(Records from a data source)
(* Let $d\ge 2$ and let $K$ be a finite shellable pure $d$-dimensional abstract simplicial complex whose dual graph is a path graph. Then the 1-skeleton graph of $K$ is Hamiltonian.
   Context: A finite abstract simplicial complex is a finite set of nonempty finite sets closed under taking nonempty subsets; its facets are its maximal sets, and it is pure of dimension $d$ if all facets have $d+1$ elements. It is shellable if there is an ordering $x_1,\dots,x_n$ of its facets such that for every $k\ge 2$ the intersection of the complex generated by $x_k$ with the complex generated by $x_1,\dots,x_{k-1}$ is a shellable pure $(d-1)$-dimensional complex (the complex generated by a collection of sets is the set of all their nonempty subsets). The dual graph has the facets as vertices, two distinct facets being adjacent if they intersect in a $(d-1)$-simplex (a set of $d$ elements). The 1-skeleton graph has vertices the one-element sets and edges the two-element sets; it is Hamiltonian if it has a closed simple cycle through every vertex exactly once. *)

theory Defs
  imports Main
begin

definition simplicial_complex :: "'a set set \<Rightarrow> bool" where
  "simplicial_complex K \<longleftrightarrow> finite K \<and>
     (\<forall>s\<in>K. s \<noteq> {} \<and> finite s \<and> (\<forall>t. t \<subseteq> s \<and> t \<noteq> {} \<longrightarrow> t \<in> K))"

definition generated :: "'a set set \<Rightarrow> 'a set set" where
  "generated S = {t. t \<noteq> {} \<and> (\<exists>s\<in>S. t \<subseteq> s)}"

definition facets :: "'a set set \<Rightarrow> 'a set set" where
  "facets K = {s\<in>K. \<not> (\<exists>t\<in>K. s \<subset> t)}"

definition pure :: "nat \<Rightarrow> 'a set set \<Rightarrow> bool" where
  "pure d K \<longleftrightarrow> K \<noteq> {} \<and> (\<forall>s\<in>facets K. card s = d + 1)"

text \<open>For d = 0 the intersection condition is the empty ((-1)-dimensional) complex,
which is regarded as shellable, so every 0-dimensional complex is shellable.\<close>
inductive shellable :: "nat \<Rightarrow> 'a set set \<Rightarrow> bool" where
  "\<lbrakk> pure d K; distinct xs; set xs = facets K;
     \<forall>k. 0 < k \<and> k < length xs \<longrightarrow>
        (d = 0 \<or> shellable (d - 1)
            (generated {xs ! k} \<inter> generated (set (take k xs)))) \<rbrakk>
   \<Longrightarrow> shellable d K"

definition dual_adj :: "nat \<Rightarrow> 'a set \<Rightarrow> 'a set \<Rightarrow> bool" where
  "dual_adj d F G \<longleftrightarrow> F \<noteq> G \<and> card (F \<inter> G) = d"

definition dual_graph_is_path :: "nat \<Rightarrow> 'a set set \<Rightarrow> bool" where
  "dual_graph_is_path d K \<longleftrightarrow> (\<exists>xs. distinct xs \<and> set xs = facets K \<and>
     (\<forall>i j. i < length xs \<and> j < length xs \<longrightarrow>
        (dual_adj d (xs ! i) (xs ! j) \<longleftrightarrow> (i = Suc j \<or> j = Suc i))))"

definition skeleton_vertices :: "'a set set \<Rightarrow> 'a set" where
  "skeleton_vertices K = {v. {v} \<in> K}"

definition skeleton_hamiltonian :: "'a set set \<Rightarrow> bool" where
  "skeleton_hamiltonian K \<longleftrightarrow> (\<exists>vs. distinct vs \<and> set vs = skeleton_vertices K \<and>
     length vs \<ge> 3 \<and>
     (\<forall>i < length vs. {vs ! i, vs ! ((i + 1) mod length vs)} \<in> K))"

end

theory Submission
  imports Defs
begin

text \<open>
  List the facets F 0, ..., F n along the dual path. Consecutive facets share a ridge, so
  F (i+1) arises from F i by exchanging one vertex a i for one vertex b i. Shellability forces
  the facets containing a fixed vertex to be consecutive along the path; hence b i is a vertex
  not seen before, and the vertex a i leaving F i already lay in F (i-1) (otherwise F (i-1) and
  F (i+1) would share a ridge). A Hamiltonian cycle is then grown facet by facet: start with any
  cycle through the vertices of F 0 and insert each new vertex b i into an edge of the current
  cycle lying in F i - {a i}. Such an edge exists because every vertex of F i shared with F (i-1)
  is avoided by some cycle edge inside F i, an invariant that survives the insertion.
\<close>

lemma simplicial_complex_finite: "simplicial_complex K \<Longrightarrow> finite K"
  by (simp add: simplicial_complex_def)

lemma simplicial_complex_finite_face: "simplicial_complex K \<Longrightarrow> s \<in> K \<Longrightarrow> finite s"
  by (simp add: simplicial_complex_def)

lemma simplicial_complex_face_closed:
  "simplicial_complex K \<Longrightarrow> s \<in> K \<Longrightarrow> t \<subseteq> s \<Longrightarrow> t \<noteq> {} \<Longrightarrow> t \<in> K"
  unfolding simplicial_complex_def by blast

lemma facet_containing:
  assumes "finite K" "s \<in> K"
  obtains F where "F \<in> facets K" "s \<subseteq> F"
proof -
  obtain F where F: "F \<in> K" "s \<subseteq> F" and max: "\<forall>G\<in>K. F \<subseteq> G \<longrightarrow> F = G"
    using finite_has_maximal2[OF assms] by auto
  have "F \<in> facets K" unfolding facets_def using F(1) max by blast
  then show thesis using F(2) by (rule that)
qed

lemma pure_facet_card:
  assumes "simplicial_complex K" "pure d K" "F \<in> facets K"
  shows "finite F" "card F = Suc d"
proof -
  have "F \<in> K" using assms(3) unfolding facets_def by simp
  then show "finite F" using assms(1) by (rule simplicial_complex_finite_face[rotated])
  show "card F = Suc d" using assms(2,3) unfolding pure_def by simp
qed

lemma skeleton_vertices_eq_Union_facets:
  assumes "simplicial_complex K"
  shows "skeleton_vertices K = \<Union>(facets K)"
proof (intro equalityI subsetI)
  fix v assume "v \<in> skeleton_vertices K"
  have "finite K" using assms by (rule simplicial_complex_finite)
  moreover from \<open>v \<in> skeleton_vertices K\<close> have "{v} \<in> K" unfolding skeleton_vertices_def by simp
  ultimately obtain F where "F \<in> facets K" "{v} \<subseteq> F" by (rule facet_containing)
  then show "v \<in> \<Union>(facets K)" by blast
next
  fix v assume "v \<in> \<Union>(facets K)"
  then obtain F where "F \<in> facets K" "v \<in> F" by blast
  then have "F \<in> K" "v \<in> F" by (simp_all add: facets_def)
  then have "{v} \<in> K" using simplicial_complex_face_closed[OF assms] by blast
  then show "v \<in> skeleton_vertices K" unfolding skeleton_vertices_def by simp
qed

lemma card_Int_less:
  assumes "finite A" "finite B" "card A = card B" "A \<noteq> B"
  shows "card (A \<inter> B) < card A"
proof -
  have "A \<inter> B \<noteq> A"
  proof
    assume "A \<inter> B = A"
    then have "A \<subseteq> B" by blast
    then show False using card_subset_eq[OF assms(2)] assms(3,4) by simp
  qed
  then show ?thesis using assms(1) by (intro psubset_card_mono) auto
qed

lemma exchange_of_card_Int:
  assumes "finite A" "finite B" "card A = Suc d" "card B = Suc d" "card (A \<inter> B) = d"
  obtains a b where "a \<in> A" "b \<notin> A" "B = insert b (A - {a})"
proof -
  have "card (A - B) = 1" using assms card_Diff_subset_Int[of A B] by simp
  then obtain a where a: "A - B = {a}" by (rule card_1_singletonE)
  have "card (B - A) = 1" using assms card_Diff_subset_Int[of B A] by (simp add: Int_commute)
  then obtain b where b: "B - A = {b}" by (rule card_1_singletonE)
  have "a \<in> A" "b \<notin> A" "B = insert b (A - {a})" using a b by blast+
  then show thesis by (rule that)
qed

lemma card_Int_exchange_ge:
  assumes "finite X" "card X = Suc d" "card (W \<inter> X) = d" "a \<in> X" "a \<notin> W"
  shows "d \<le> card (W \<inter> insert b (X - {a}))"
proof -
  have "card (X - W) = 1" using assms card_Diff_subset_Int[of X W] by (simp add: Int_commute)
  then have "X - W = {a}" using assms(4,5) by (metis card_1_singletonE Diff_iff singletonD)
  then have "X - {a} \<subseteq> W \<inter> insert b (X - {a})" by blast
  moreover have "card (X - {a}) = d" using assms(1,2,4) by simp
  ultimately show ?thesis using assms(1) card_mono[of "W \<inter> insert b (X - {a})" "X - {a}"] by simp
qed

lemma add_mod_neq:
  fixes k n j :: nat
  assumes "k < n" "0 < j" "j < n"
  shows "(k + j) mod n \<noteq> k"
proof (cases "k + j < n")
  case False
  then have "(k + j) mod n = k + j - n" using assms by (simp add: le_mod_geq)
  moreover have "k + j - n < k" using assms False by simp
  ultimately show ?thesis by simp
qed (use assms in simp)

lemma Suc_mod_less: "i < n \<Longrightarrow> Suc i mod n < n"
  by (cases n) auto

→ **ACTIVITY**
Copy each line above where "bool" appears.

→ **PROBLEM SOLUTION**
definition simplicial_complex :: "'a set set \<Rightarrow> bool" where
definition pure :: "nat \<Rightarrow> 'a set set \<Rightarrow> bool" where
inductive shellable :: "nat \<Rightarrow> 'a set set \<Rightarrow> bool" where
definition dual_adj :: "nat \<Rightarrow> 'a set \<Rightarrow> 'a set \<Rightarrow> bool" where
definition dual_graph_is_path :: "nat \<Rightarrow> 'a set set \<Rightarrow> bool" where
definition skeleton_hamiltonian :: "'a set set \<Rightarrow> bool" where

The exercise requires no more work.